If you want to both sign and encrypt you sign with your private key and encrypt with the recipient's public key.

 

[drmike]

This script truly is good...  One big thing it needs is simply the forgoing email entirely.  Backup say via keyless to remote.

 

[splitice]

Yes there is a mistake in my post, I got confused in regards to Key Exchange. There is no need for it (keys are transferred out of band), which makes it possible to use asymmetric public key encryption. I might consider making a flag for the script to support it if I can do it without adding significant complexity.

@drmike You can easily swap in scp/sftp (we do for some of our backups). Email was chosen for ease of demonstration (and because for small-medium backups it is suitable).

 

[splitice]

Just finished a large upgrade. Asymmetric encryption, slight performance improvement (thanks PeterMosmans) and custom upload functions.

You can now specify custom upload methods, just define a upload_$NAME function in upload/upload_$NAME.sh. Then all you need to do is change $BACKUP_MODE to the $NAME of your method.

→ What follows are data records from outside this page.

lemma localization_maximal_finrank_quotient:
  assumes B: "countable B" "independent B" "span B = UNIV" and infinite: "\<not> fin_dim scale UNIV"
  shows "loc_max (End_ring scale Quot finrank_ideal scale) \<and>
    left_loc_max (End_ring scale Quot finrank_ideal scale) \<and>
    right_loc_max (End_ring scale Quot finrank_ideal scale)"
proof -
  let ?R = "End_ring scale" and ?Q = "End_ring scale Quot finrank_ideal scale"
    and ?h = "(+>\<^bsub>End_ring scale\<^esub>) (finrank_ideal scale)"
  interpret h: ring_hom_ring ?R ?Q ?h by (rule finrank_quotient_hom)
  have kernel: "a_kernel ?R ?Q ?h = finrank_ideal scale" by (rule ideal.rcos_kernel[OF ideal_finrank_ideal])
  have surj: "?h ` carrier ?R = carrier ?Q" by (rule ideal.rcos_surj[OF ideal_finrank_ideal])
  have nontrivial: "\<one>\<^bsub>?Q\<^esub> \<noteq> \<zero>\<^bsub>?Q\<^esub>"
    using ideal.quotient_nontrivial[OF ideal_finrank_ideal] one_notin_finrank_ideal[OF infinite] by simp
  have "t \<in> Units ?Q" if t: "regular_mod ?Q {\<zero>\<^bsub>?Q\<^esub>} t" for t
  proof -
    have "t \<in> ?h ` carrier ?R" using t surj unfolding regular_mod_def by simp
    then obtain f where f: "f \<in> carrier ?R" "t = ?h f" by blast
    then have "f \<in> fredholm_set scale"
      using h.regular_mod_kernel[OF f(1)] t fredholm_if_regular_mod_finrank kernel by simp
    then show ?thesis using f(2) fredholm_set_units_preimage by blast
  qed
  moreover have "\<exists>a\<in>carrier ?R. \<exists>b\<in>carrier ?R. a \<otimes>\<^bsub>?R\<^esub> r \<otimes>\<^bsub>?R\<^esub> b = \<one>\<^bsub>?R\<^esub>"
    if r: "r \<in> carrier ?R" "r \<notin> a_kernel ?R ?Q ?h" for r
  proof -
    have "\<not> fin_dim scale (range r)" using r kernel finrank_ideal_iff by simp
    then obtain a b where "linear_endo scale a" "linear_endo scale b" "a \<circ> r \<circ> b = (\<lambda>x. x)"
      using infinite_rank_factors_identity[OF B] r(1) by auto
    then have "a \<in> carrier ?R" "b \<in> carrier ?R" "a \<otimes>\<^bsub>?R\<^esub> r \<otimes>\<^bsub>?R\<^esub> b = \<one>\<^bsub>?R\<^esub>" by simp_all
    then show ?thesis by blast
  qed
  then have "J = {\<zero>\<^bsub>?Q\<^esub>}" if "ideal J ?Q" "\<one>\<^bsub>?Q\<^esub> \<notin> J" for J
    using h.image_proper_ideal_trivial[OF surj _ that] by blast
  ultimately show ?thesis
    by (rule ring.localization_maximal_if_simple[OF ideal.quotient_is_ring[OF ideal_finrank_ideal] nontrivial])
qed

lemma Ass_End_ring:
  assumes B: "countable B" "independent B" "span B = UNIV" and infinite: "\<not> fin_dim scale UNIV"
  shows "Ass_l (End_ring scale) = {{\<lambda>x. 0}, finrank_ideal scale} \<and>
    Ass_r (End_ring scale) = {{\<lambda>x. 0}, finrank_ideal scale} \<and>
    Ass (End_ring scale) = {{\<lambda>x. 0}, finrank_ideal scale}"
proof -
  have proper: "I \<in> {{\<lambda>x. 0}, finrank_ideal scale}"
    if "ideal I (End_ring scale) \<and> \<one>\<^bsub>End_ring scale\<^esub> \<notin> I" for I
    using proper_ideals_End_ring[OF B] that by simp
  have members: "{{\<lambda>x. 0}, finrank_ideal scale} \<subseteq> Ass_l (End_ring scale)"
    "{{\<lambda>x. 0}, finrank_ideal scale} \<subseteq> Ass_r (End_ring scale)"
    "{{\<lambda>x. 0}, finrank_ideal scale} \<subseteq> Ass (End_ring scale)"
    using denominator_sets_End_ring_zero[OF infinite] denominator_sets_End_ring_finrank[OF infinite]
    by simp_all
  have "Ass_l (End_ring scale) \<subseteq> {{\<lambda>x. 0}, finrank_ideal scale}"
    using ring.Ass_l_proper_ideal[OF ring_End_ring] proper by blast
  moreover have "Ass_r (End_ring scale) \<subseteq> {{\<lambda>x. 0}, finrank_ideal scale}"
    using ring.Ass_r_proper_ideal[OF ring_End_ring] proper by blast
  moreover have "Ass (End_ring scale) \<subseteq> {{\<lambda>x. 0}, finrank_ideal scale}"
    using ring.Ass_proper_ideal[OF ring_End_ring] proper by blast
  ultimately show ?thesis using members by blast
qed

end

theorem theorem5p2:
  fixes scale :: "'k::field \<Rightarrow> 'v::ab_group_add \<Rightarrow> 'v"
  assumes vs: "vector_space scale"
    and basis: "\<exists>B. countable B \<and> infinite B \<and> \<not> module.dependent scale B \<and>
                    module.span scale B = UNIV"
  shows
   "Ass_l (End_ring scale) = {{\<zero>\<^bsub>End_ring scale\<^esub>}, finrank_ideal scale} \<and>
    Ass_r (End_ring scale) = {{\<zero>\<^bsub>End_ring scale\<^esub>}, finrank_ideal scale} \<and>
    Ass (End_ring scale) = {{\<zero>\<^bsub>End_ring scale\<^esub>}, finrank_ideal scale} \<and>
    \<comment> \<open>(2)\<close>
    S_l (End_ring scale) {\<zero>\<^bsub>End_ring scale\<^esub>} = Aut scale \<and>
    S_r (End_ring scale) {\<zero>\<^bsub>End_ring scale\<^esub>} = Aut scale \<and>
    S_d (End_ring scale) {\<zero>\<^bsub>End_ring scale\<^esub>} = Aut scale \<and>
    left_localization (End_ring scale) (S_l (End_ring scale) {\<zero>\<^bsub>End_ring scale\<^esub>})
       (End_ring scale) (\<lambda>x. x) \<and>
    right_localization (End_ring scale) (S_r (End_ring scale) {\<zero>\<^bsub>End_ring scale\<^esub>})
       (End_ring scale) (\<lambda>x. x) \<and>
    localization (End_ring scale) (S_d (End_ring scale) {\<zero>\<^bsub>End_ring scale\<^esub>})
       (End_ring scale) (\<lambda>x. x) \<and>
    \<comment> \<open>(3)\<close>
    S_l (End_ring scale) (finrank_ideal scale) = fredholm_set scale \<and>
    S_r (End_ring scale) (finrank_ideal scale) = fredholm_set scale \<and>
    S_d (End_ring scale) (finrank_ideal scale) = fredholm_set scale \<and>
    left_localization (End_ring scale) (S_l (End_ring scale) (finrank_ideal scale))
       (End_ring scale Quot finrank_ideal scale) ((+>\<^bsub>End_ring scale\<^esub>) (finrank_ideal scale)) \<and>
    right_localization (End_ring scale) (S_r (End_ring scale) (finrank_ideal scale))
       (End_ring scale Quot finrank_ideal scale) ((+>\<^bsub>End_ring scale\<^esub>) (finrank_ideal scale)) \<and>
    localization (End_ring scale) (S_d (End_ring scale) (finrank_ideal scale))
       (End_ring scale Quot finrank_ideal scale) ((+>\<^bsub>End_ring scale\<^esub>) (finrank_ideal scale)) \<and>
    \<comment> \<open>(4)\<close>
    maxAss_l (End_ring scale) = {finrank_ideal scale} \<and>
    maxAss_r (End_ring scale) = {finrank_ideal scale} \<and>
    maxAss (End_ring scale) = {finrank_ideal scale} \<and>
    \<comment> \<open>(5)\<close>
    loc_max (End_ring scale Quot finrank_ideal scale) \<and>
    left_loc_max (End_ring scale Quot finrank_ideal scale) \<and>
    right_loc_max (End_ring scale Quot finrank_ideal scale)"
proof -
  interpret vector_space scale by (rule vs)
  obtain B where B: "countable B" "infinite B" "independent B" "span B = UNIV"
    using basis by blast
  have infinite: "\<not> fin_dim scale UNIV"
    using finite_independent_in_fin_dim[of UNIV B] B(2,3) by blast
  have maximal: "maximals {{\<lambda>x. 0}, finrank_ideal scale} = {finrank_ideal scale}"
    using finrank_zero finrank_ideal_nonzero[OF infinite] unfolding maximals_def by auto
  show ?thesis
    using Ass_End_ring[OF B(1,3,4) infinite] denominator_sets_End_ring_zero[OF infinite]
      denominator_sets_End_ring_finrank[OF infinite] localization_maximal_finrank_quotient[OF B(1,3,4) infinite]
      maximal
    unfolding maxAss_l_def maxAss_r_def maxAss_def localization_def by simp
qed

end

Your upload method might look something like:

function upload_scp {
    scp $1 [email protected]:/some/remote/directory
    FILE=$(basename "$1")
    echo "remotehost.edu:/some/remote/directory/$FILE"
}

Pull requests welcome.

 

[tk-hassan]

Thank you for sharing this useful post. Cheers

 

[Wambo]

Thank you! I know this is a kinda old post but this helped me a lot!

 

[drmike]

@MannDude can we make sure this is socked away in the Library. 

We have lots of gems like this that get lost in the mass of how forums operate.